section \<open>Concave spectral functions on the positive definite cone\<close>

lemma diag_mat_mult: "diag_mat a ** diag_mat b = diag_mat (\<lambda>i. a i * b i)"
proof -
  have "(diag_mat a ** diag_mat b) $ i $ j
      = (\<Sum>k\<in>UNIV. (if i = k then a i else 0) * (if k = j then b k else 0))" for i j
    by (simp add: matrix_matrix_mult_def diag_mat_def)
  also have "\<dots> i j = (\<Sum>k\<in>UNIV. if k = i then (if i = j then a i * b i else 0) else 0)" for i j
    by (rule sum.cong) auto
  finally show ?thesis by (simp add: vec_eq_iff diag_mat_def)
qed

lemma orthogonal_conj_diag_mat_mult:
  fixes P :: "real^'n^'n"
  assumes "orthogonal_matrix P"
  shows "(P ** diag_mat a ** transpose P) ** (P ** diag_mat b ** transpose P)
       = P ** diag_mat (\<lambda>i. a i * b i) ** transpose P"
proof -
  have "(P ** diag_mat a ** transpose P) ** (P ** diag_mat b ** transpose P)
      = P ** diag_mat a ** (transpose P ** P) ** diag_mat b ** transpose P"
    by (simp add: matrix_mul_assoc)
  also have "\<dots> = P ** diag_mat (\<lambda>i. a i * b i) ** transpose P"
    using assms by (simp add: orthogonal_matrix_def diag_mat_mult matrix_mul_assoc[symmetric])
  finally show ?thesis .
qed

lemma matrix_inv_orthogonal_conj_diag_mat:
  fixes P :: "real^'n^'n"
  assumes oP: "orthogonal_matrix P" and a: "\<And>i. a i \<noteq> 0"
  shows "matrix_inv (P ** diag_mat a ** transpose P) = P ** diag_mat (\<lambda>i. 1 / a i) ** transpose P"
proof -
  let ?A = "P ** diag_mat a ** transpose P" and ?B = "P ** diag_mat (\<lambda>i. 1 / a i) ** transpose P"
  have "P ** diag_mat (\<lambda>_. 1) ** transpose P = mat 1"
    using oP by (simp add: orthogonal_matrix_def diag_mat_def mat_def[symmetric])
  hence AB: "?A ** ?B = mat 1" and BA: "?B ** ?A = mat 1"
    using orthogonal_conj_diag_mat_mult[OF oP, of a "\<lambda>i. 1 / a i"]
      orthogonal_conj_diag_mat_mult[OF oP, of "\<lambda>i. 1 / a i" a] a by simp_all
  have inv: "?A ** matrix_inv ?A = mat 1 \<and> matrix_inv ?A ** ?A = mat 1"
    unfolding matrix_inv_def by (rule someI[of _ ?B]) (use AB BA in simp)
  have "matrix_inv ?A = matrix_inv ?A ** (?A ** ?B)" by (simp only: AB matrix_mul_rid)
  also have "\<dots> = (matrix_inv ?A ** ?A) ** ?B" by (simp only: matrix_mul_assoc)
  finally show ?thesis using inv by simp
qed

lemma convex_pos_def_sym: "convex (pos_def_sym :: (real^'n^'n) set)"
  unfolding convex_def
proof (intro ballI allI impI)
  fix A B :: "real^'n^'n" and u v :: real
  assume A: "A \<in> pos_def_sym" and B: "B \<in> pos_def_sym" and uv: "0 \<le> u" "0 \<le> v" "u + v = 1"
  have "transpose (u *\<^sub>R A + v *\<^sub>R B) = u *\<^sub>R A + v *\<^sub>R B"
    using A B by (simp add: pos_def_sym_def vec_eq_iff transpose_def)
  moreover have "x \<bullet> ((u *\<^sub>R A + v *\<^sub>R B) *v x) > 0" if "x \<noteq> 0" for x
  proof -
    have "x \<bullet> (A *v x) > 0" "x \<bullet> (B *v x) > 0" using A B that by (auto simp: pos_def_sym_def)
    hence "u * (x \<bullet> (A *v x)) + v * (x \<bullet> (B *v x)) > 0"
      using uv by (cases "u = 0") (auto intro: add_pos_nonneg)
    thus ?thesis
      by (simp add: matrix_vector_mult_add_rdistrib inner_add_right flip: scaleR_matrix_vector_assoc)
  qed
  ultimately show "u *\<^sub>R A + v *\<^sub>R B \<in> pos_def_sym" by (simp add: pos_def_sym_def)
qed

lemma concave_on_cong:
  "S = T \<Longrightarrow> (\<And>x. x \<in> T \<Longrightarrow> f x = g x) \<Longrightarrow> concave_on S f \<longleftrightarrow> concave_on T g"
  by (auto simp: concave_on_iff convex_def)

##############################

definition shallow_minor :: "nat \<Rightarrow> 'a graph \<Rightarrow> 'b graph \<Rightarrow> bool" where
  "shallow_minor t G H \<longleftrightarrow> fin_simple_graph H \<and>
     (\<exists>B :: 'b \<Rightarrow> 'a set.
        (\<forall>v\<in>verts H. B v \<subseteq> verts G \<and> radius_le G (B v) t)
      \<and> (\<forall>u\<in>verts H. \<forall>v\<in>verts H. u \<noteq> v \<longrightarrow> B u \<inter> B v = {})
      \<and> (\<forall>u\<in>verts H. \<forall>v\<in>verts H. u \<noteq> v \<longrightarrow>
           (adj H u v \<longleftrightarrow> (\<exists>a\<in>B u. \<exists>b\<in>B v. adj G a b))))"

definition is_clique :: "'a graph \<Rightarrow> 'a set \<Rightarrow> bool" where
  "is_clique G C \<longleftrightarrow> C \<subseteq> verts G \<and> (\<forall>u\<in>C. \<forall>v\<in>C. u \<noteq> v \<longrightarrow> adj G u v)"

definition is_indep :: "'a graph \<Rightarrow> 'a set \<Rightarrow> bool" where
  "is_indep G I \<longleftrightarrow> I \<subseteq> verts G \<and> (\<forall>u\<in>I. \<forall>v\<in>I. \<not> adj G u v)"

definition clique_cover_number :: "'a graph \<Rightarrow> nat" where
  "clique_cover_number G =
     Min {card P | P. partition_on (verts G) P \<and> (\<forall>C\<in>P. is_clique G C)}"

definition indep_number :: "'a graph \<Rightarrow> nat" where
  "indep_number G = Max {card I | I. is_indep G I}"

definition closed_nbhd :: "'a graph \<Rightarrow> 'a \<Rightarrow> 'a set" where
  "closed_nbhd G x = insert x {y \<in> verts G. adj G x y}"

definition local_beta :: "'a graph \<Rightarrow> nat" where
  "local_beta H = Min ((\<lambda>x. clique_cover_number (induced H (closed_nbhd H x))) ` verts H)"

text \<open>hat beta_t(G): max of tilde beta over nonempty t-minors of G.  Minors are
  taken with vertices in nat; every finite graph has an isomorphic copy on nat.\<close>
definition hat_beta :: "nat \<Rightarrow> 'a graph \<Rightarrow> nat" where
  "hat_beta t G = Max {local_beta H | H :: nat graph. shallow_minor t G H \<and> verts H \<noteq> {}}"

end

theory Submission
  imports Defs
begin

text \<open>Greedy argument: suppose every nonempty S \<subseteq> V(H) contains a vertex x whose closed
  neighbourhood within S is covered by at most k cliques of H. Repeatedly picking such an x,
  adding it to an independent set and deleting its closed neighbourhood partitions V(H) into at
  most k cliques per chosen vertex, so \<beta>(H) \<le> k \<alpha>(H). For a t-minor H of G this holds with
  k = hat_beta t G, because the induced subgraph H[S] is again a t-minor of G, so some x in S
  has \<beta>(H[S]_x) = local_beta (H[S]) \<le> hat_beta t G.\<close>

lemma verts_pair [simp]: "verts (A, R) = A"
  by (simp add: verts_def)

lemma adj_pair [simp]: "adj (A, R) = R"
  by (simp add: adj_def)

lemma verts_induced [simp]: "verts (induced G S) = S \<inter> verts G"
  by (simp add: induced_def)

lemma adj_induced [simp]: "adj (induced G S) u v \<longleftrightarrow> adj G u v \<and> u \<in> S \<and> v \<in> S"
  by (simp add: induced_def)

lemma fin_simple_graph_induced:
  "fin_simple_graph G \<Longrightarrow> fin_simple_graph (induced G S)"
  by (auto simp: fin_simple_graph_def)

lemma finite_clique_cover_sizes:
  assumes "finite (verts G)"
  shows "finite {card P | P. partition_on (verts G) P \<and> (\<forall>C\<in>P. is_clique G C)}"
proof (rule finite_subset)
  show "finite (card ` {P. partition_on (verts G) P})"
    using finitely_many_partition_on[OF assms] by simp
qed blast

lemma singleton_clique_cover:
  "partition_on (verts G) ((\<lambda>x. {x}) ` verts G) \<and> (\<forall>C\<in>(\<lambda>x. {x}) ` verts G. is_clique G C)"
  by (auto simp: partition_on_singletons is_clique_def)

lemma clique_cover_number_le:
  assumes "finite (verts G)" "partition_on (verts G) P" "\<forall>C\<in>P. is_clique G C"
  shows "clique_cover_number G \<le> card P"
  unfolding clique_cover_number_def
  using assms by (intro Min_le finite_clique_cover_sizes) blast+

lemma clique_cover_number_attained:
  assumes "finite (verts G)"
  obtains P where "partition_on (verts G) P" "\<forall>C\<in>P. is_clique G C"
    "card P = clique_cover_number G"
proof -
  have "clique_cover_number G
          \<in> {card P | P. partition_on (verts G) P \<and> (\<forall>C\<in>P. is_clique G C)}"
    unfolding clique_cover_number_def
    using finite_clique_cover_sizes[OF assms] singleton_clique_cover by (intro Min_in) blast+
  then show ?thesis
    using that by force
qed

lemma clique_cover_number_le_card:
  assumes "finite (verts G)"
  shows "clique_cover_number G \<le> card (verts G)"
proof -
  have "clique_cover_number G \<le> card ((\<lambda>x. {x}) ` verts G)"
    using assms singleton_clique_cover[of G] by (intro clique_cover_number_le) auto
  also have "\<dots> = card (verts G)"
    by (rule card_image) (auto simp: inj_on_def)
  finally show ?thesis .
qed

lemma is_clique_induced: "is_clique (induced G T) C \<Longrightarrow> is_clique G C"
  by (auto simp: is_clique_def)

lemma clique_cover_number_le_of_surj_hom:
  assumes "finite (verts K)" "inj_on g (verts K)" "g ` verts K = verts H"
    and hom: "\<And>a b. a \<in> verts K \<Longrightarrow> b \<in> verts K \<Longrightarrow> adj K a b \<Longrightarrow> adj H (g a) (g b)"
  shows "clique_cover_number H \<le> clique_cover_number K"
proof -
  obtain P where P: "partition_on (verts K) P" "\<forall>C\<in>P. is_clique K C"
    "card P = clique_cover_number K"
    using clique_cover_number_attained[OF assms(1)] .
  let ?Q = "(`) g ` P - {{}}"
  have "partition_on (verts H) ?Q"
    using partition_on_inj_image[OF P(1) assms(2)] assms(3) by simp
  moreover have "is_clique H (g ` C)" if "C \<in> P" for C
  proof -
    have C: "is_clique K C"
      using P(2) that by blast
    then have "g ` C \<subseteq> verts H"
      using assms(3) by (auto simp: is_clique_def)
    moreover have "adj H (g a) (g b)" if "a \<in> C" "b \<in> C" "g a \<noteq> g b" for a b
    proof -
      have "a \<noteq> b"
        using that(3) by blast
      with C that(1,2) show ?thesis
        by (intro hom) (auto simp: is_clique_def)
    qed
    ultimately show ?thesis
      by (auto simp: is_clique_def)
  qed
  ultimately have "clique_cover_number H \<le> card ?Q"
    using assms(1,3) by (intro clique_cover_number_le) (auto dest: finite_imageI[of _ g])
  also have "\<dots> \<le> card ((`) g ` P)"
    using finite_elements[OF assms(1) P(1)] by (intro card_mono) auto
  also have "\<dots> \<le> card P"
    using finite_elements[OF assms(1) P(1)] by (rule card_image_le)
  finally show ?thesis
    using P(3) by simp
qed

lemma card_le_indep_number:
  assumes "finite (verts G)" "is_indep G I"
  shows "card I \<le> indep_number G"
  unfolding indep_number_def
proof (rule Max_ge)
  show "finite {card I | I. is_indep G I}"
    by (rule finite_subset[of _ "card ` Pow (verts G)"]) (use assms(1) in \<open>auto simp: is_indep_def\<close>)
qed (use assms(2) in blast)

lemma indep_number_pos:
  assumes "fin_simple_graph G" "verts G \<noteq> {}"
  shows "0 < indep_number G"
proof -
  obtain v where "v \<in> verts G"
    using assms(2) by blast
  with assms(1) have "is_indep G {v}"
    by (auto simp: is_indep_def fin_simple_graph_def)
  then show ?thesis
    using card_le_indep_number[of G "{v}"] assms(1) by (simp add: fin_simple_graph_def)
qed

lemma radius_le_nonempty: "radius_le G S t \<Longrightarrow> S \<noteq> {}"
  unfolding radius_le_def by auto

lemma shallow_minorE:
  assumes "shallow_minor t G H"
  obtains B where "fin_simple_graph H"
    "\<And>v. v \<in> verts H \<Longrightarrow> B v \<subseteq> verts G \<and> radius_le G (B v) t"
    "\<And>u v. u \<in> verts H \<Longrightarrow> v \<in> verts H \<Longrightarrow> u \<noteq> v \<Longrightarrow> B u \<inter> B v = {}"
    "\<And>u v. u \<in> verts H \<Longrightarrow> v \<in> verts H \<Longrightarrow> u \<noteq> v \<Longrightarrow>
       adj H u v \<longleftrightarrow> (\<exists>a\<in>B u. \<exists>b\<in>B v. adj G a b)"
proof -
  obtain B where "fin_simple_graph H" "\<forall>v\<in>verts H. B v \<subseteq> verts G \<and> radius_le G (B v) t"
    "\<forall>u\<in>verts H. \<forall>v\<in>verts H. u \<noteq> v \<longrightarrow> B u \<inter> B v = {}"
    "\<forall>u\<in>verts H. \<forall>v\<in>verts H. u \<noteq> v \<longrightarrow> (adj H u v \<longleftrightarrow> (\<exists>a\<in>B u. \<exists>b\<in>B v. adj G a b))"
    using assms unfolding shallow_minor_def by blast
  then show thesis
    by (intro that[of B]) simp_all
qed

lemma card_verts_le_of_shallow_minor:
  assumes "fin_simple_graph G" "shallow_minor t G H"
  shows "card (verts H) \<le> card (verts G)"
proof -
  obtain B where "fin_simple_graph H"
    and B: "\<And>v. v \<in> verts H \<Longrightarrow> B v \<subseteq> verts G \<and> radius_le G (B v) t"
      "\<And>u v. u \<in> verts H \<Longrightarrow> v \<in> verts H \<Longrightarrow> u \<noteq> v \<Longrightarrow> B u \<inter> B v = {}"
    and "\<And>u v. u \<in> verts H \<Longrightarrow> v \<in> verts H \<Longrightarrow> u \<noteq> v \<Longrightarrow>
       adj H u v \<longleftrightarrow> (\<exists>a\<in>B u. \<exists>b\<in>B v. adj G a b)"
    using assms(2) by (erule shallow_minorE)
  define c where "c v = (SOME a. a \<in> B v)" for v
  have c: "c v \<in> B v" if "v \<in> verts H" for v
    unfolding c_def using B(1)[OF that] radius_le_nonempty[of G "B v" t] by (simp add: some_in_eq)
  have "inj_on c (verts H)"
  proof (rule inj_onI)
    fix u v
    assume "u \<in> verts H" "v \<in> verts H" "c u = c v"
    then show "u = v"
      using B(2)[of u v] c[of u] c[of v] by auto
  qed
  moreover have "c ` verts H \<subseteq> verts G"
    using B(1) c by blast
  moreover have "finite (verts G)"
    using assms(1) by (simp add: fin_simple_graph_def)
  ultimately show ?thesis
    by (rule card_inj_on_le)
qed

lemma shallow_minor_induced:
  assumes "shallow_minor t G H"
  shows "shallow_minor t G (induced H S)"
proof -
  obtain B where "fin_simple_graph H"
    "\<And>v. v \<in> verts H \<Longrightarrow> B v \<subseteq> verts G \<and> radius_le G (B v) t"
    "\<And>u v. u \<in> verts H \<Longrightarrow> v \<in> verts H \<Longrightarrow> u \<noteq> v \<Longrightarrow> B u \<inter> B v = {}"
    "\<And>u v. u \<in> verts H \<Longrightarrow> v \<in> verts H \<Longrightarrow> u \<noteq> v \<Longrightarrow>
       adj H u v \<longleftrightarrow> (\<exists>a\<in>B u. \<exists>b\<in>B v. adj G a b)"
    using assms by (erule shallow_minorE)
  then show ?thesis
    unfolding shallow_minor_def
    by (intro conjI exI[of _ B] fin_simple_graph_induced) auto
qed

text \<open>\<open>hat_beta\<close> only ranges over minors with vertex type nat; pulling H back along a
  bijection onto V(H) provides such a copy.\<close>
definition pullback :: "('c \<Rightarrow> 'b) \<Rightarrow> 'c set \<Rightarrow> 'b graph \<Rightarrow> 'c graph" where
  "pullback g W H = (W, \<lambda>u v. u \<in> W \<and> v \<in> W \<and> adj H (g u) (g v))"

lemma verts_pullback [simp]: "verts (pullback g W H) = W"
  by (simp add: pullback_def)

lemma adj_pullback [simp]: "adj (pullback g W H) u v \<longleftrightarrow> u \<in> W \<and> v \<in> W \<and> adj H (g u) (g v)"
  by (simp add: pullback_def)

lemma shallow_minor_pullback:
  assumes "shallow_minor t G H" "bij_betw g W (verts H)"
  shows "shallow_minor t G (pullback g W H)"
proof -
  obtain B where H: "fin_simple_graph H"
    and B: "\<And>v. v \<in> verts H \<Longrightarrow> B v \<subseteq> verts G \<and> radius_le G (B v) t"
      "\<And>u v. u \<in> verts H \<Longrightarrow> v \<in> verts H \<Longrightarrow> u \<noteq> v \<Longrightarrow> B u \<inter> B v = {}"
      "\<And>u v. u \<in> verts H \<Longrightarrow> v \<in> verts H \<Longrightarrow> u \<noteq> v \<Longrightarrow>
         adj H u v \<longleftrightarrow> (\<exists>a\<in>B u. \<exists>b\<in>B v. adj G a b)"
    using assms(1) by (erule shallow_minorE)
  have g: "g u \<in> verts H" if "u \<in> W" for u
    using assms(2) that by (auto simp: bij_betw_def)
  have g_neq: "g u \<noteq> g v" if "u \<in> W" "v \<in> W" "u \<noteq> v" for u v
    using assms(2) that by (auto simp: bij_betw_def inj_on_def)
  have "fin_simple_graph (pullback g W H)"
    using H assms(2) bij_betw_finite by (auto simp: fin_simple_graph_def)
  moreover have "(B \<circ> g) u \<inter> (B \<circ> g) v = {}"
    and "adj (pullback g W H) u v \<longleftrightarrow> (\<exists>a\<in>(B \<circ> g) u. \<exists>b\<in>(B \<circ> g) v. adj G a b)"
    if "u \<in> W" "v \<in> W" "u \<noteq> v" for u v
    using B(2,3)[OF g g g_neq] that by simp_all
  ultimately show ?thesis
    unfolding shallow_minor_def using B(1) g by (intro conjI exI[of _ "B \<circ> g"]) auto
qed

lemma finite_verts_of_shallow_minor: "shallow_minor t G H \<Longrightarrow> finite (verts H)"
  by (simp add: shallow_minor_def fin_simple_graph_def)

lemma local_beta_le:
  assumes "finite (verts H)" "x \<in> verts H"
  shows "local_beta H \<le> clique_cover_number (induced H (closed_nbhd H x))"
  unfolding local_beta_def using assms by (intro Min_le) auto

##############################

** Exercise details **
For every line of the data above that contains "obtains", copy that line.

** Task response **
  obtains P where "partition_on (verts G) P" "\<forall>C\<in>P. is_clique G C"
  obtains B where "fin_simple_graph H"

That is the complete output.